### DIRECTIONS
Every entry below is to be copied exactly as written.

[Records contained in a dataset]
══════

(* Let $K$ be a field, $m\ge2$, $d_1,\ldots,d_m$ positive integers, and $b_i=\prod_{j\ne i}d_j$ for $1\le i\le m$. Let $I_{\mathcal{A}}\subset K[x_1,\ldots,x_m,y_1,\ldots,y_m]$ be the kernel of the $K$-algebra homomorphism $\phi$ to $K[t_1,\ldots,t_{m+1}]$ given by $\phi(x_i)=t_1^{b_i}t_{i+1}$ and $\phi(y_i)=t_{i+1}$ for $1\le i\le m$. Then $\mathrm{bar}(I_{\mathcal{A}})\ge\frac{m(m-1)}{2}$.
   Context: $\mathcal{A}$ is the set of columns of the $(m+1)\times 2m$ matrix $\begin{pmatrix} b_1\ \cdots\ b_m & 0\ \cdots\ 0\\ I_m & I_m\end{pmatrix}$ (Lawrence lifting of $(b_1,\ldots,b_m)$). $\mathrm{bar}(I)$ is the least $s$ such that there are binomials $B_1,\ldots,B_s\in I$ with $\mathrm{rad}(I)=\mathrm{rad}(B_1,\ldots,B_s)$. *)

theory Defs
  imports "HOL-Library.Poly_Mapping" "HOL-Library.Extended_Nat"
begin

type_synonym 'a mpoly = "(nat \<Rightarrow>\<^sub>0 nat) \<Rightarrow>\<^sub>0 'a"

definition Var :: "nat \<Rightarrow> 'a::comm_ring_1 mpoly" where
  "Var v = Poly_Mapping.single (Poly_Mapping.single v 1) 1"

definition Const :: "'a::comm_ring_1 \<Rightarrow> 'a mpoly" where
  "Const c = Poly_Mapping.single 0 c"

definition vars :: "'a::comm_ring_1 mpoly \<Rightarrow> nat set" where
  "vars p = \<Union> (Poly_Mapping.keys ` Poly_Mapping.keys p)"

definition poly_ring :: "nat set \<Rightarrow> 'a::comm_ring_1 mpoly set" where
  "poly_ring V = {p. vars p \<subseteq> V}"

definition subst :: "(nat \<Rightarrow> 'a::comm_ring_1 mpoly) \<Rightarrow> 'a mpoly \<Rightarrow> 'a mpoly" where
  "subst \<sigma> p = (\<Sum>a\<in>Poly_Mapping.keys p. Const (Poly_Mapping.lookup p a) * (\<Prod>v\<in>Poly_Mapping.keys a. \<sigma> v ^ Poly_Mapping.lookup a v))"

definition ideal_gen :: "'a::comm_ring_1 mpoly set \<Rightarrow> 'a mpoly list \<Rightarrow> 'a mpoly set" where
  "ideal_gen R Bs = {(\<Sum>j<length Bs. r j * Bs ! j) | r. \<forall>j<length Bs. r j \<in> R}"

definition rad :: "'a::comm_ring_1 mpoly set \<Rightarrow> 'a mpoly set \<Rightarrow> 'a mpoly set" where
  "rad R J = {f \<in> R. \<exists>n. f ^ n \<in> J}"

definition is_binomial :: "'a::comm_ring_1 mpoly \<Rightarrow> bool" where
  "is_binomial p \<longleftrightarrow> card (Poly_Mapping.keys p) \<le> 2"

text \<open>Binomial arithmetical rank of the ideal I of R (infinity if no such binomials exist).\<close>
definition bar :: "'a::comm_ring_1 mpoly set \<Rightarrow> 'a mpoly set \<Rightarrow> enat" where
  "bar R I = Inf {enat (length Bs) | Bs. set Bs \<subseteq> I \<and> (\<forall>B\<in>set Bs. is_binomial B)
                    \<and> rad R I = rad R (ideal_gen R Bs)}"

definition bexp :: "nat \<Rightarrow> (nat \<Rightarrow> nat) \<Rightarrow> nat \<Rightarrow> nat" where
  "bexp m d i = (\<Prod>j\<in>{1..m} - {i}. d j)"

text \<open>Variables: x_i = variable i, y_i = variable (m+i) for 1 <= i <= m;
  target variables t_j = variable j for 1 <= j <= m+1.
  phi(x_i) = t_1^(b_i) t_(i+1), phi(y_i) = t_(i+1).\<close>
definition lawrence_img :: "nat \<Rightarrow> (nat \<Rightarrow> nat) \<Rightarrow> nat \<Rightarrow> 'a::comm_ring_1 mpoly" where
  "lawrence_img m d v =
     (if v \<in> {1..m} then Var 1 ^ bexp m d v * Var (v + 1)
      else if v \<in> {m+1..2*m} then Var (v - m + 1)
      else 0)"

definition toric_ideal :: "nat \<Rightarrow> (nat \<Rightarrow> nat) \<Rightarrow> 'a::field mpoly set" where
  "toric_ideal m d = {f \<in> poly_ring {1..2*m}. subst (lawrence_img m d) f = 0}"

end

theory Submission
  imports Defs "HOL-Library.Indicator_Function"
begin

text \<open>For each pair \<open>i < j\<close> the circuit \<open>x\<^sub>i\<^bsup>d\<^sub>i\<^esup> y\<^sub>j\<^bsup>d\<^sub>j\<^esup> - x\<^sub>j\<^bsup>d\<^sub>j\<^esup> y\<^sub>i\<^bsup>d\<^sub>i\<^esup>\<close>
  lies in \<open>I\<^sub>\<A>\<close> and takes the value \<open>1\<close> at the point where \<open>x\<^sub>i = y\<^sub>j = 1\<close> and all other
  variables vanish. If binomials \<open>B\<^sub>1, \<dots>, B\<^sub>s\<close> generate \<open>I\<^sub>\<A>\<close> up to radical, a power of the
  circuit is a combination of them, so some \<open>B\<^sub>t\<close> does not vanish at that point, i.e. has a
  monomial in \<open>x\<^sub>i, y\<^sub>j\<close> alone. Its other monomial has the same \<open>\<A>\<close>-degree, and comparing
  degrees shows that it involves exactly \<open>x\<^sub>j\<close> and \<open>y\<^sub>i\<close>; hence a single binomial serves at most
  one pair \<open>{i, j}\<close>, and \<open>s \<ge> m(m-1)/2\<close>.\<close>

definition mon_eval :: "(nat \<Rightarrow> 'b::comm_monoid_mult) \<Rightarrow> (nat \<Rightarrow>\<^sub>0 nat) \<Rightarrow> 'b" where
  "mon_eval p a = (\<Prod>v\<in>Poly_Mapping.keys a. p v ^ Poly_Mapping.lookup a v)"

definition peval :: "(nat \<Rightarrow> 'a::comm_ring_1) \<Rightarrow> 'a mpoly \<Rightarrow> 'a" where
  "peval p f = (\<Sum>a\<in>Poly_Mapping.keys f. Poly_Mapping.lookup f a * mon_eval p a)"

══════

### EXPECTED ANSWER
(* Let $K$ be a field, $m\ge2$, $d_1,\ldots,d_m$ positive integers, and $b_i=\prod_{j\ne i}d_j$ for $1\le i\le m$. Let $I_{\mathcal{A}}\subset K[x_1,\ldots,x_m,y_1,\ldots,y_m]$ be the kernel of the $K$-algebra homomorphism $\phi$ to $K[t_1,\ldots,t_{m+1}]$ given by $\phi(x_i)=t_1^{b_i}t_{i+1}$ and $\phi(y_i)=t_{i+1}$ for $1\le i\le m$. Then $\mathrm{bar}(I_{\mathcal{A}})\ge\frac{m(m-1)}{2}$.
   Context: $\mathcal{A}$ is the set of columns of the $(m+1)\times 2m$ matrix $\begin{pmatrix} b_1\ \cdots\ b_m & 0\ \cdots\ 0\\ I_m & I_m\end{pmatrix}$ (Lawrence lifting of $(b_1,\ldots,b_m)$). $\mathrm{bar}(I)$ is the least $s$ such that there are binomials $B_1,\ldots,B_s\in I$ with $\mathrm{rad}(I)=\mathrm{rad}(B_1,\ldots,B_s)$. *)

theory Defs
  imports "HOL-Library.Poly_Mapping" "HOL-Library.Extended_Nat"
begin

type_synonym 'a mpoly = "(nat \<Rightarrow>\<^sub>0 nat) \<Rightarrow>\<^sub>0 'a"

definition Var :: "nat \<Rightarrow> 'a::comm_ring_1 mpoly" where
  "Var v = Poly_Mapping.single (Poly_Mapping.single v 1) 1"

definition Const :: "'a::comm_ring_1 \<Rightarrow> 'a mpoly" where
  "Const c = Poly_Mapping.single 0 c"

definition vars :: "'a::comm_ring_1 mpoly \<Rightarrow> nat set" where
  "vars p = \<Union> (Poly_Mapping.keys ` Poly_Mapping.keys p)"

definition poly_ring :: "nat set \<Rightarrow> 'a::comm_ring_1 mpoly set" where
  "poly_ring V = {p. vars p \<subseteq> V}"

definition subst :: "(nat \<Rightarrow> 'a::comm_ring_1 mpoly) \<Rightarrow> 'a mpoly \<Rightarrow> 'a mpoly" where
  "subst \<sigma> p = (\<Sum>a\<in>Poly_Mapping.keys p. Const (Poly_Mapping.lookup p a) * (\<Prod>v\<in>Poly_Mapping.keys a. \<sigma> v ^ Poly_Mapping.lookup a v))"

definition ideal_gen :: "'a::comm_ring_1 mpoly set \<Rightarrow> 'a mpoly list \<Rightarrow> 'a mpoly set" where
  "ideal_gen R Bs = {(\<Sum>j<length Bs. r j * Bs ! j) | r. \<forall>j<length Bs. r j \<in> R}"

definition rad :: "'a::comm_ring_1 mpoly set \<Rightarrow> 'a mpoly set \<Rightarrow> 'a mpoly set" where
  "rad R J = {f \<in> R. \<exists>n. f ^ n \<in> J}"

definition is_binomial :: "'a::comm_ring_1 mpoly \<Rightarrow> bool" where
  "is_binomial p \<longleftrightarrow> card (Poly_Mapping.keys p) \<le> 2"

text \<open>Binomial arithmetical rank of the ideal I of R (infinity if no such binomials exist).\<close>
definition bar :: "'a::comm_ring_1 mpoly set \<Rightarrow> 'a mpoly set \<Rightarrow> enat" where
  "bar R I = Inf {enat (length Bs) | Bs. set Bs \<subseteq> I \<and> (\<forall>B\<in>set Bs. is_binomial B)
                    \<and> rad R I = rad R (ideal_gen R Bs)}"

definition bexp :: "nat \<Rightarrow> (nat \<Rightarrow> nat) \<Rightarrow> nat \<Rightarrow> nat" where
  "bexp m d i = (\<Prod>j\<in>{1..m} - {i}. d j)"

text \<open>Variables: x_i = variable i, y_i = variable (m+i) for 1 <= i <= m;
  target variables t_j = variable j for 1 <= j <= m+1.
  phi(x_i) = t_1^(b_i) t_(i+1), phi(y_i) = t_(i+1).\<close>
definition lawrence_img :: "nat \<Rightarrow> (nat \<Rightarrow> nat) \<Rightarrow> nat \<Rightarrow> 'a::comm_ring_1 mpoly" where
  "lawrence_img m d v =
     (if v \<in> {1..m} then Var 1 ^ bexp m d v * Var (v + 1)
      else if v \<in> {m+1..2*m} then Var (v - m + 1)
      else 0)"

definition toric_ideal :: "nat \<Rightarrow> (nat \<Rightarrow> nat) \<Rightarrow> 'a::field mpoly set" where
  "toric_ideal m d = {f \<in> poly_ring {1..2*m}. subst (lawrence_img m d) f = 0}"

end

theory Submission
  imports Defs "HOL-Library.Indicator_Function"
begin

text \<open>For each pair \<open>i < j\<close> the circuit \<open>x\<^sub>i\<^bsup>d\<^sub>i\<^esup> y\<^sub>j\<^bsup>d\<^sub>j\<^esup> - x\<^sub>j\<^bsup>d\<^sub>j\<^esup> y\<^sub>i\<^bsup>d\<^sub>i\<^esup>\<close>
  lies in \<open>I\<^sub>\<A>\<close> and takes the value \<open>1\<close> at the point where \<open>x\<^sub>i = y\<^sub>j = 1\<close> and all other
  variables vanish. If binomials \<open>B\<^sub>1, \<dots>, B\<^sub>s\<close> generate \<open>I\<^sub>\<A>\<close> up to radical, a power of the
  circuit is a combination of them, so some \<open>B\<^sub>t\<close> does not vanish at that point, i.e. has a
  monomial in \<open>x\<^sub>i, y\<^sub>j\<close> alone. Its other monomial has the same \<open>\<A>\<close>-degree, and comparing
  degrees shows that it involves exactly \<open>x\<^sub>j\<close> and \<open>y\<^sub>i\<close>; hence a single binomial serves at most
  one pair \<open>{i, j}\<close>, and \<open>s \<ge> m(m-1)/2\<close>.\<close>

definition mon_eval :: "(nat \<Rightarrow> 'b::comm_monoid_mult) \<Rightarrow> (nat \<Rightarrow>\<^sub>0 nat) \<Rightarrow> 'b" where
  "mon_eval p a = (\<Prod>v\<in>Poly_Mapping.keys a. p v ^ Poly_Mapping.lookup a v)"

definition peval :: "(nat \<Rightarrow> 'a::comm_ring_1) \<Rightarrow> 'a mpoly \<Rightarrow> 'a" where
  "peval p f = (\<Sum>a\<in>Poly_Mapping.keys f. Poly_Mapping.lookup f a * mon_eval p a)"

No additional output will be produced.